• [Task brief]
From the records below, copy out each line that has the word "union".

• [Dataset content]
(* With $\mathcal{F}$ the infinite rooted tree in which every vertex has $p$ children ($p\ge2$ an integer), for any integral weight functions $a,b$ on $\mathcal{F}$ with nonnegative integer weights $\omega_a,\omega_b$, $$\langle a,b\rangle\ \ge\ \sum_{i=0}^{\infty}p^i\,\widehat\gamma_i(\omega_a)\widehat\gamma_i(\omega_b)\ \ge\ \sum_{i=0}^{\infty}p^i\,\widetilde\gamma_i(\omega_a)\widetilde\gamma_i(\omega_b).$$
   Context: An integral weight function with weight $\omega$ is a map $a:V(\mathcal{F})\to\mathbb{Z}_{\ge0}$ such that every infinite path from the root has $\sum_{v\in T}a(v)\ge\omega$ and $a(v)\ge\sum_{u\text{ child of }v}a(u)$ for every vertex $v$; $\langle a,b\rangle=\sum_v a(v)b(v)$. An integral (resp. real) resolution of $\omega$ is a sequence $(\gamma_i)_{i\ge0}$ with values in $\mathbb{Z}_{\ge0}$ (resp. in $\{0\}\cup[1,\infty)$) such that $\gamma_i\ge p\gamma_{i+1}$ for all $i$ and $\sum_i\gamma_i=\omega$. $\widehat\gamma(\omega)$ (resp. $\widetilde\gamma(\omega)$) denotes the lexicographically smallest integral (resp. real) resolution of $\omega$. *)

theory Defs
  imports "HOL-Analysis.Analysis"
begin

text \<open>Vertices of the infinite p-ary rooted tree: finite words over {0..<p};
  the root is the empty word, the children of v are v @ [c] for c < p.\<close>
definition tree_vertices :: "nat \<Rightarrow> nat list set" where
  "tree_vertices p = {v. set v \<subseteq> {..<p}}"

text \<open>An infinite path from the root is given by a choice sequence f with f k < p;
  its k-th vertex is map f [0..<k].\<close>
definition integral_weight_function :: "nat \<Rightarrow> nat \<Rightarrow> (nat list \<Rightarrow> nat) \<Rightarrow> bool" where
  "integral_weight_function p \<omega> a \<longleftrightarrow>
     (\<forall>f::nat \<Rightarrow> nat. (\<forall>k. f k < p) \<longrightarrow>
        (\<exists>n. (\<Sum>k<n. a (map f [0..<k])) \<ge> \<omega>)) \<and>
     (\<forall>v\<in>tree_vertices p. a v \<ge> (\<Sum>c<p. a (v @ [c])))"

definition tree_inner :: "nat \<Rightarrow> (nat list \<Rightarrow> nat) \<Rightarrow> (nat list \<Rightarrow> nat) \<Rightarrow> ennreal" where
  "tree_inner p a b = (\<Sum>\<^sub>\<infinity> v\<in>tree_vertices p. of_nat (a v * b v))"
lemma anticlockwise_cup_under: "anticlockwise (cup_under w) w"
proof -
  have "\<exists>!c. oriented c w \<and> deg c w = 0"
    using ex1_anticlockwise[of w] deg_eq_0_iff_anticlockwise[of _ w]
    by (metis anticlockwise_def)
  then have "oriented (cup_under w) w \<and> deg (cup_under w) w = 0"
    unfolding cup_under_def by (rule theI')
  then show ?thesis using deg_eq_0_iff_anticlockwise by blast
qed

lemma cup_under_eqI: "anticlockwise c w \<Longrightarrow> cup_under w = c"
  using ex1_anticlockwise[of w] anticlockwise_cup_under[of w] by blast

section \<open>Labels of cups and rays\<close>

lemma count_list_conv_card: "count_list w x = card {v. v < length w \<and> w ! v = x}"
  unfolding count_list_eq_length_filter length_filter_conv_card by metis

text \<open>Every cup has exactly one end labelled L, so the L-labelled vertices are the
  L-ends of the cups together with the L-labelled rays.\<close>
lemma oriented_count_list:
  assumes O: "oriented c w" and L: "L = Vee \<or> L = Wedge"
  shows "count_list w L = card (fst c) + card {r\<in>snd c. w ! r = L}"
proof -
  note W = wf_diagD[OF orientedD(1)[OF O]]
  define L_end where "L_end p = (if w ! fst p = L then fst p else snd p)" for p :: "nat \<times> nat"
  have fin: "finite (fst c)" "finite (snd c)" using oriented_finite[OF O] by auto
  have L_end_label: "w ! L_end p = L" if "p \<in> fst c" for p
    using that orientedD(3)[OF O, of "fst p" "snd p"] L by (auto simp: L_end_def)
  have L_end_in: "L_end p \<in> {fst p, snd p}" for p
    by (simp add: L_end_def)
  have "inj_on L_end (fst c)"
  proof (rule inj_onI)
    fix p q assume p: "p \<in> fst c" and q: "q \<in> fst c" and eq: "L_end p = L_end q"
    show "p = q"
    proof (rule ccontr)
      assume "p \<noteq> q"
      then have "{fst p, snd p} \<inter> {fst q, snd q} = {}" using W(3)[of "fst p" "snd p" "fst q" "snd q"] p q by simp
      then show False using eq L_end_in[of p] L_end_in[of q] by auto
    qed
  qed
  then have card_ends: "card (L_end ` fst c) = card (fst c)" by (rule card_image)
  have "{v. v < length w \<and> w ! v = L} = L_end ` fst c \<union> {r\<in>snd c. w ! r = L}"
  proof (intro equalityI subsetI)
    fix v assume v: "v \<in> {v. v < length w \<and> w ! v = L}"
    then have "v \<in> snd c \<or> (\<exists>x. (v,x) \<in> fst c) \<or> (\<exists>x. (x,v) \<in> fst c)"
      using oriented_Vee_Wedge_not_free[OF O] L by auto
    moreover have "L_end (v,x) = v" if "(v,x) \<in> fst c" for x
      using v by (simp add: L_end_def)
    moreover have "L_end (x,v) = v" if "(x,v) \<in> fst c" for x
      using v orientedD(3)[OF O that] by (auto simp: L_end_def)
    ultimately show "v \<in> L_end ` fst c \<union> {r\<in>snd c. w ! r = L}"
      using v by (metis (mono_tags, lifting) UnI1 UnI2 image_eqI mem_Collect_eq)
  next
    fix v assume "v \<in> L_end ` fst c \<union> {r\<in>snd c. w ! r = L}"
    then consider p where "p \<in> fst c" "v = L_end p" | "v \<in> snd c" "w ! v = L"
      by blast
    then show "v \<in> {v. v < length w \<and> w ! v = L}"
    proof cases
      case 1
      then show ?thesis
        using L_end_label[of p] L_end_in[of p] W(1)[of "fst p" "snd p"] by auto
    qed (use W(2) in auto)
  qed
  moreover have "L_end p \<notin> snd c" if "p \<in> fst c" for p
    using that L_end_in[of p] W(4)[of "fst p" "snd p"] by auto
  then have "L_end ` fst c \<inter> {r\<in>snd c. w ! r = L} = {}"
    by blast
  ultimately show ?thesis
    unfolding count_list_conv_card
    using card_Un_disjoint[of "L_end ` fst c" "{r\<in>snd c. w ! r = L}"] fin card_ends by simp
qed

• [Solved exercise]
  have "{v. v < length w \<and> w ! v = L} = L_end ` fst c \<union> {r\<in>snd c. w ! r = L}"
    ultimately show "v \<in> L_end ` fst c \<union> {r\<in>snd c. w ! r = L}"
    fix v assume "v \<in> L_end ` fst c \<union> {r\<in>snd c. w ! r = L}"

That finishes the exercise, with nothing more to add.